Really good that RE signed you off work. Give yourself time to recover - both physically and emotionally. We understand how much it hurts.

Regarding telling others, only both set of our parents, and SIL and one set of close family friends know. My Mum was just as devastated as I was during the last failed cycle. While everyone does try to be supportive, at the end of the day you have to remember they don't completely understand the pain. They just feel bad seeing us in pain. During my last cycle, tmt wasn't at the most convenient time to others and SIL suggested delaying our cycle saying its not a big deal and we should delay tmt by a year if needed. Its not her fault, she can't comprehend the extent of our emotional feelings. While I was bawling my eyes out after my BFN, my MIL just sat there - she offered a few comforting words for all of 1 min, then complete silence.

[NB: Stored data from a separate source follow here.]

section \<open>The minimum energy control\<close>

locale min_energy_problem =
  fixes a1 \<epsilon> y :: real and x0 :: "real \<Rightarrow> real"
  assumes a1_nonzero: "a1 \<noteq> 0" and eps_pos: "0 < \<epsilon>" and eps_less_1: "\<epsilon> < 1"
    and x0_L2: "L2_on {-1..<0} x0"
begin

text \<open>In the notation of the paper, x_free is the trajectory x~ of the uncontrolled part, c_opt is
  c, u_opt0 is u^_0 and u_opt is u^; x_opt is the optimal trajectory, which is 0 after eps.\<close>

definition x_free :: "real \<Rightarrow> real" where
  "x_free = (\<lambda>t. y + a1 * (LINT \<tau>:{0..t}|lborel. x0 (\<tau> - 1)))"

definition c_opt :: real where
  "c_opt = - a1 / sinh (a1 * \<epsilon>) *
     (x_free \<epsilon> + a1 * (LINT \<tau>:{0..\<epsilon>}|lborel. sinh (a1 * (\<epsilon> - \<tau>)) * x_free \<tau>))"

definition u_opt0 :: "real \<Rightarrow> real" where
  "u_opt0 = (\<lambda>t. c_opt * cosh (a1 * t) + a1^2 * (LINT \<tau>:{0..t}|lborel. cosh (a1 * (t - \<tau>)) * x_free \<tau>))"

definition x_opt :: "real \<Rightarrow> real" where
  "x_opt = (\<lambda>t. if t \<le> \<epsilon> then x_free t + (LINT \<tau>:{0..t}|lborel. u_opt0 \<tau>) else 0)"

definition u_opt :: "real \<Rightarrow> real" where
  "u_opt = (\<lambda>t. if 0 \<le> t \<and> t < \<epsilon> then u_opt0 t
     else if \<epsilon> \<le> t \<and> t < 1 then - a1 * x0 (t - 1)
     else if 1 \<le> t \<and> t < 1 + \<epsilon> then - a1 * (x_free (t - 1) + (LINT \<tau>:{0..t - 1}|lborel. u_opt0 \<tau>))
     else 0)"

lemma L2_x0_shift: "L2_on {0..<1} (\<lambda>s. x0 (s - 1))"
  by (rule L2_on_shift[OF x0_L2]) auto

lemma integrable_x0_shift: "set_integrable lborel {0..1} (\<lambda>s. x0 (s - 1))"
proof -
  have "set_integrable lborel {0..<1} (\<lambda>s. x0 (s - 1))"
    by (rule L2_on_imp_set_integrable[OF L2_x0_shift]) auto
  then have "set_integrable lborel ({0..<1} \<union> {1}) (\<lambda>s. x0 (s - 1))"
    by (rule set_integrable_Un) auto
  then show ?thesis
    by (rule set_integrable_subset) auto
qed

lemma continuous_x_free: "continuous_on {0..1} x_free"
  unfolding x_free_def
  by (intro continuous_intros continuous_on_set_integral_primitive integrable_x0_shift)

lemma u_opt0_primitive:
  assumes t: "t \<in> {0..1}"
  shows "(LINT \<tau>:{0..t}|lborel. u_opt0 \<tau>)
       = (c_opt * sinh (a1 * t) + a1^2 * (LINT \<tau>:{0..t}|lborel. sinh (a1 * (t - \<tau>)) * x_free \<tau>)) / a1"
    and "(u_opt0 has_real_derivative a1^2 * (x_free t + (LINT \<tau>:{0..t}|lborel. u_opt0 \<tau>)))
      (at t within {0..1})"
proof -
  define C where "C = (\<lambda>t. LINT \<tau>:{0..t}|lborel. cosh (a1 * (t - \<tau>)) * x_free \<tau>)"
  define S where "S = (\<lambda>t. LINT \<tau>:{0..t}|lborel. sinh (a1 * (t - \<tau>)) * x_free \<tau>)"
  define G where "G = (\<lambda>t. (c_opt * sinh (a1 * t) + a1^2 * S t) / a1)"
  have C': "(C has_real_derivative x_free s + a1 * S s) (at s within {0..1})"
    and S': "(S has_real_derivative a1 * C s) (at s within {0..1})" if "s \<in> {0..1}" for s
    using hyperbolic_convolution_has_derivative[OF continuous_x_free that, of a1]
    unfolding C_def S_def by auto
  have u_opt0_eq: "u_opt0 = (\<lambda>t. c_opt * cosh (a1 * t) + a1^2 * C t)"
    by (simp add: u_opt0_def C_def)
  have G': "(G has_real_derivative u_opt0 s) (at s within {0..1})" if "s \<in> {0..1}" for s
    unfolding G_def
    by (rule derivative_eq_intros S'[OF that] refl)+
      (use a1_nonzero in \<open>simp_all add: u_opt0_eq field_simps power2_eq_square\<close>)
  have u_opt0': "(u_opt0 has_real_derivative a1^2 * (x_free s + G s)) (at s within {0..1})"
    if "s \<in> {0..1}" for s
    unfolding u_opt0_eq
    by (rule derivative_eq_intros C'[OF that] refl)+
      (use a1_nonzero in \<open>simp_all add: G_def field_simps power2_eq_square\<close>)
  have cont_u_opt0: "continuous_on {0..1} u_opt0"
    using u_opt0' by (rule DERIV_continuous_on)
  have "(u_opt0 has_integral (G t - G 0)) {0..t}"
  proof (rule fundamental_theorem_of_calculus)
    show "0 \<le> t" using t by simp
    show "(G has_vector_derivative u_opt0 s) (at s within {0..t})" if "s \<in> {0..t}" for s
      using G'[of s] that t
      by (auto simp: has_real_derivative_iff_has_vector_derivative
          intro: has_vector_derivative_within_subset)
  qed
  moreover have "set_integrable lborel {0..t} u_opt0"
    by (rule borel_integrable_atLeastAtMost', rule continuous_on_subset[OF cont_u_opt0]) (use t in auto)
  ultimately have primitive: "(LINT \<tau>:{0..t}|lborel. u_opt0 \<tau>) = G t"
    by (simp add: set_borel_integral_eq_integral(2) integral_unique G_def S_def)
  then show "(LINT \<tau>:{0..t}|lborel. u_opt0 \<tau>)
       = (c_opt * sinh (a1 * t) + a1^2 * (LINT \<tau>:{0..t}|lborel. sinh (a1 * (t - \<tau>)) * x_free \<tau>)) / a1"
    by (simp add: G_def S_def)
  show "(u_opt0 has_real_derivative a1^2 * (x_free t + (LINT \<tau>:{0..t}|lborel. u_opt0 \<tau>)))
      (at t within {0..1})"
    using u_opt0'[OF t] primitive by simp
qed

lemma continuous_u_opt0: "continuous_on {0..1} u_opt0"
  using u_opt0_primitive(2) by (rule DERIV_continuous_on)

text \<open>This is what the constant c_opt is chosen for.\<close>

lemma x_opt_eps: "x_opt \<epsilon> = 0"
proof -
  have "sinh (a1 * \<epsilon>) \<noteq> 0"
    using a1_nonzero eps_pos by simp
  then show ?thesis
    using a1_nonzero eps_pos eps_less_1
    by (simp add: x_opt_def u_opt0_primitive(1) c_opt_def field_simps power2_eq_square)
qed

lemma continuous_x_opt: "continuous_on {0..1 + \<epsilon>} x_opt"
proof -
  have "continuous_on {0..1} (\<lambda>t. LINT \<tau>:{0..t}|lborel. u_opt0 \<tau>)"
    by (intro continuous_on_set_integral_primitive borel_integrable_atLeastAtMost' continuous_u_opt0)
  then have "continuous_on {0..1} (\<lambda>t. x_free t + (LINT \<tau>:{0..t}|lborel. u_opt0 \<tau>))"
    by (intro continuous_intros continuous_x_free)
  then have early: "continuous_on {t \<in> {0..1 + \<epsilon>}. t \<le> \<epsilon>}
      (\<lambda>t. x_free t + (LINT \<tau>:{0..t}|lborel. u_opt0 \<tau>))"
    by (rule continuous_on_subset) (use eps_less_1 in auto)
  show ?thesis
    unfolding x_opt_def
    by (rule continuous_on_cases_le[OF early continuous_on_const continuous_on_id])
      (use x_opt_eps in \<open>simp add: x_opt_def\<close>)
qed

lemma u_opt0_has_derivative:
  assumes "s \<in> {0..\<epsilon>}"
  shows "(u_opt0 has_real_derivative a1^2 * x_opt s) (at s within {0..1})"
  using u_opt0_primitive(2)[of s] assms eps_less_1 by (simp add: x_opt_def)

lemma integral_x_opt:
  assumes s: "s \<in> {0..\<epsilon>}"
  shows "a1^2 * (LINT r:{s..\<epsilon>}|lborel. x_opt r) = u_opt0 \<epsilon> - u_opt0 s"
proof -
  have "(x_opt has_integral (u_opt0 \<epsilon> / a1^2 - u_opt0 s / a1^2)) {s..\<epsilon>}"
  proof (rule fundamental_theorem_of_calculus)
    show "s \<le> \<epsilon>" using s by simp
    fix r assume r: "r \<in> {s..\<epsilon>}"
    then have "((\<lambda>t. u_opt0 t / a1^2) has_real_derivative x_opt r) (at r within {0..1})"
      using DERIV_cdivide[OF u_opt0_has_derivative, of r "a1^2"] s a1_nonzero by simp
    then show "((\<lambda>t. u_opt0 t / a1^2) has_vector_derivative x_opt r) (at r within {s..\<epsilon>})"
      unfolding has_real_derivative_iff_has_vector_derivative
      by (rule has_vector_derivative_within_subset) (use s eps_less_1 in auto)
  qed
  moreover have "set_integrable lborel {s..\<epsilon>} x_opt"
    by (rule borel_integrable_atLeastAtMost', rule continuous_on_subset[OF continuous_x_opt])
      (use s in auto)
  ultimately show ?thesis
    using a1_nonzero
    by (simp add: set_borel_integral_eq_integral(2) integral_unique field_simps)
qed

lemma u_opt_initial: "t \<in> {0..<\<epsilon>} \<Longrightarrow> u_opt t = u_opt0 t"
  by (simp add: u_opt_def)

lemma u_opt_middle: "t \<in> {\<epsilon>..<1} \<Longrightarrow> u_opt t = - a1 * x0 (t - 1)"
  by (simp add: u_opt_def)

text \<open>At t = 1 + eps the definition of u_opt gives 0, which fits because x_opt eps = 0.\<close>

lemma u_opt_final: "t \<in> {1..1 + \<epsilon>} \<Longrightarrow> u_opt t = - a1 * x_opt (t - 1)"
  using eps_pos eps_less_1 x_opt_eps by (auto simp: u_opt_def x_opt_def)

lemma L2_u_opt: "L2_on {0..1 + \<epsilon>} u_opt"
proof -
  have "L2_on {0..<\<epsilon>} u_opt0"
    by (rule L2_on_subset[OF L2_on_continuous[OF continuous_u_opt0]]) (use eps_less_1 in auto)
  then have initial: "L2_on {0..<\<epsilon>} u_opt"
    by (rule L2_on_cong) (simp add: u_opt_initial)
  have "L2_on {\<epsilon>..<1} (\<lambda>t. - a1 * x0 (t - 1))"
    by (rule L2_on_subset[OF L2_on_cmult[OF L2_x0_shift]]) (use eps_pos in auto)
  then have middle: "L2_on {\<epsilon>..<1} u_opt"
    by (rule L2_on_cong) (simp add: u_opt_middle)
  have "continuous_on {1..1 + \<epsilon>} (\<lambda>t. - a1 * x_opt (t - 1))"
    by (intro continuous_intros continuous_on_compose2[OF continuous_x_opt]) auto
  then have final: "L2_on {1..1 + \<epsilon>} u_opt"
    by (rule L2_on_cong[OF L2_on_continuous]) (simp add: u_opt_final)
  have "{0..1 + \<epsilon>} = ({0..<\<epsilon>} \<union> {\<epsilon>..<1}) \<union> {1..1 + \<epsilon>}"
    using eps_pos eps_less_1 by auto
  then show ?thesis
    using initial middle final by (simp add: L2_on_Un)
qed

lemma x_opt_weighted_primitive:
  assumes w: "L2_on {0..\<epsilon>} w"
  shows "a1^2 * (LINT r:{0..\<epsilon>}|lborel. x_opt r * (LINT s:{0..r}|lborel. w s))
       = u_opt0 \<epsilon> * (LINT s:{0..\<epsilon>}|lborel. w s) - (LINT s:{0..\<epsilon>}|lborel. u_opt0 s * w s)"
proof -
  have w_int: "set_integrable lborel {0..\<epsilon>} w"
    by (rule L2_on_imp_set_integrable[OF w]) (auto simp: emeasure_lborel_Icc_eq)
  have u_opt0_w_int: "set_integrable lborel {0..\<epsilon>} (\<lambda>s. u_opt0 s * w s)"
  proof (rule L2_on_mult_integrable[OF _ w])
    show "L2_on {0..\<epsilon>} u_opt0"
      by (rule L2_on_continuous, rule continuous_on_subset[OF continuous_u_opt0]) (use eps_less_1 in auto)
  qed
  have "a1^2 * (LINT r:{0..\<epsilon>}|lborel. x_opt r * (LINT s:{0..r}|lborel. w s))
      = a1^2 * (LINT s:{0..\<epsilon>}|lborel. w s * (LINT r:{s..\<epsilon>}|lborel. x_opt r))"
    by (subst set_integral_swap_triangle[OF w_int]) 
      (auto intro: continuous_on_subset[OF continuous_x_opt])
  also have "\<dots> = (LINT s:{0..\<epsilon>}|lborel. w s * (a1^2 * (LINT r:{s..\<epsilon>}|lborel. x_opt r)))"
    by (simp add: mult.left_commute flip: set_integral_mult_right)
  also have "\<dots> = (LINT s:{0..\<epsilon>}|lborel. u_opt0 \<epsilon> * w s - u_opt0 s * w s)"
    by (rule set_lebesgue_integral_cong) (auto simp: integral_x_opt algebra_simps)
  also have "\<dots> = u_opt0 \<epsilon> * (LINT s:{0..\<epsilon>}|lborel. w s) - (LINT s:{0..\<epsilon>}|lborel. u_opt0 s * w s)"
    using w_int u_opt0_w_int by (simp add: set_integral_diff set_integrable_mult_right)
  finally show ?thesis .
qed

Again, its not her fault, she doesn't understand the concept of IF and doesn't know what to tell me. I'm only giving you this as an example to show you how even when people care, they may not exactly be in a position to necessarily help. On the other hand, the wife of this family friend is extremely supportive even though she has kids of her own. I too have thought that sometimes it would be nice to tell everyone directly about our IF but we decided it wasn't worth taking the risk. Apart from people being insensitive, there is the issue of people being judgemental. Not everyone is supportive and its difficult to pre judge people's reactions.

I think it also depends on how well you know the friends that you decide to tell. Good luck with making your decision.